Gold has been associated with our neck of the woods since its discovery on a farm just outside the present- day Joburg central business district back in 1886. Thanks to this association, it was not too difficult for our leaders in the early years of the post-1994 dispensation to come up with a name for the then newly created province that is host to Joburg and Pretoria, the seat of the South African government. One bright spark proposed the province be named Gauteng – Sotho for ‘place of gold’ – and all stakeholders apparently nodded their agreement in unison. But the goings-on at schools, municipalities, parastatals and government departments have added a new dimension to the province – it is now a looter’s paradise.
If Corruption Watch is to be believed, Gauteng has the dubious honour of being the ‘crime scene’ of most acts of corruption perpetrated in the country. According to the graft watchdog’s latest ‘Analysis of Corruption Trends’ report, 39.8% of the 2 469 corruption-related complaints it received during the first half of this year were reported in Gauteng. KwaZulu-Natal was a distant second, accounting for 9.6% of complaints, with the Western Cape and the Eastern Cape sharing third place, with 6.5% of complaints apiece.
Gauteng’s municipalities were found to be the most corrupt countrywide, with 20.1% of instances of municipal malfeasance reported in Joburg. Although the city fathers (and mothers) in Tshwane and their underlings are not as venal as their counterparts in the City of Gold, they are not lacking at all in the corruption stakes, accounting for 10.1% of reported cases from January to June. Ekurhuleni, the only other metro in Gauteng, shared third position with the City of Cape Town, with each of the two metros being the ‘crime scene’ of 6% of the reported cases.
But South Africa’s councillors and municipal employees, who were implicated in 9.2% of the cases Corruption Watch was alerted to by whistleblowers, are not the most corrupt lot – that dubious distinction belongs to school officials, including principals and outsiders elected to serve on school governing bodies. Their favourite methodology is to rig procurement processes to favour their cronies, but there have also been cases where funds raised to build laboratories, libraries, sports facilities and suchlike end up lining the pockets of these crooks. Corruption involving schools accounted for 10.8% of the reported cases.
Complaints implicating the police comprised 6.3% of the total, with those targeting licensing centre officials comprising 3.3%. State-owned enterprises and the health sector accounted for 3.1% and 2.7% respectively.
Corruption Watch’s statistics indicate that the most prevalent form of corruption in South Africa is bribery, which accounted for 23% of all complaints during the six months, followed by procurement irregulari- ties (16.9%) and embezzlement and theft of resources (11.3%).

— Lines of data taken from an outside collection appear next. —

theorem theorem3:
  fixes M :: "'a measure" and N :: "'b measure"
    and X X' :: "'a \<Rightarrow> 'b" and W :: "'b \<Rightarrow> int" and m :: nat
  assumes "prob_space M"
    and X_meas: "X \<in> measurable M N" and X'_meas: "X' \<in> measurable M N"
    and W_meas: "W \<in> measurable N (count_space UNIV)"
    and exch: "distr M (N \<Otimes>\<^sub>M N) (\<lambda>\<omega>. (X \<omega>, X' \<omega>))
             = distr M (N \<Otimes>\<^sub>M N) (\<lambda>\<omega>. (X' \<omega>, X \<omega>))"
    and m_pos: "m > 0"
    and q_pos: "measure M {\<omega>\<in>space M. W (X' \<omega>) = W (X \<omega>) + int m} > 0"
  shows "(let QmX = real_cond_exp M (vimage_algebra (space M) X N)
                  (indicator {\<omega>\<in>space M. W (X' \<omega>) = W (X \<omega>) + int m});
              QnmX = real_cond_exp M (vimage_algebra (space M) X N)
                  (indicator {\<omega>\<in>space M. W (X' \<omega>) = W (X \<omega>) - int m});
              qm = measure M {\<omega>\<in>space M. W (X' \<omega>) = W (X \<omega>) + int m};
              L = distr M (count_space UNIV) (\<lambda>\<omega>. W (X \<omega>))
          in (\<lambda>k. \<bar>fdiff 2 (Fbar m (cdf_int L)) k\<bar>) summable_on UNIV
             \<and> D_nm 1 m L
               \<le> (sqrt (prob_space.variance M QmX) + sqrt (prob_space.variance M QnmX)) / qm)"
proof -
  interpret exchangeable_pair M N X X' W
    using assms(1) X_meas X'_meas W_meas exch
    by (intro exchangeable_pair.intro exchangeable_pair_axioms.intro)
  show ?thesis
    using D_nm_law_le[OF m_pos] q_pos
    unfolding Let_def jump_prob_def law_def jump_event_def by simp
qed

end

I previously wrote in this column that corruption – especially where it takes place in high places – inflates government’s procurement bill, depriving it of the wherewithal to effectively render public services. It also limits the country’s job creation potential. This seems to be what Ghanaian author Israelmore Ayivor had in mind when he famously said: “You don’t necessarily need atomic bombs to destroy a nation; politicians who value their pockets [more] than the life of citizens always do that every day”. I cannot agree more. But, having read the ‘Analysis of Corruption Trends’ report, I argue that this quote should be tweaked so that public servants – at all levels of government – are mentioned alongside politicians as the villains who are wrecking our countries.
When trade unionist Zwelinzima Vavi tweeted not so long ago that South Africa had lost an estimated R700-billion to corruption since the dawn of democracy, someone dismissed this figure as a “lucky guess”. But, assuming that, in African countries, up to 25% of gross domestic product is siphoned off through corruption each year, as alleged by international anticorruption bodies, then R700-billion over 20-plus years doesn’t seem that far-fetched. Such an amount would make a huge difference to the lives of citizens.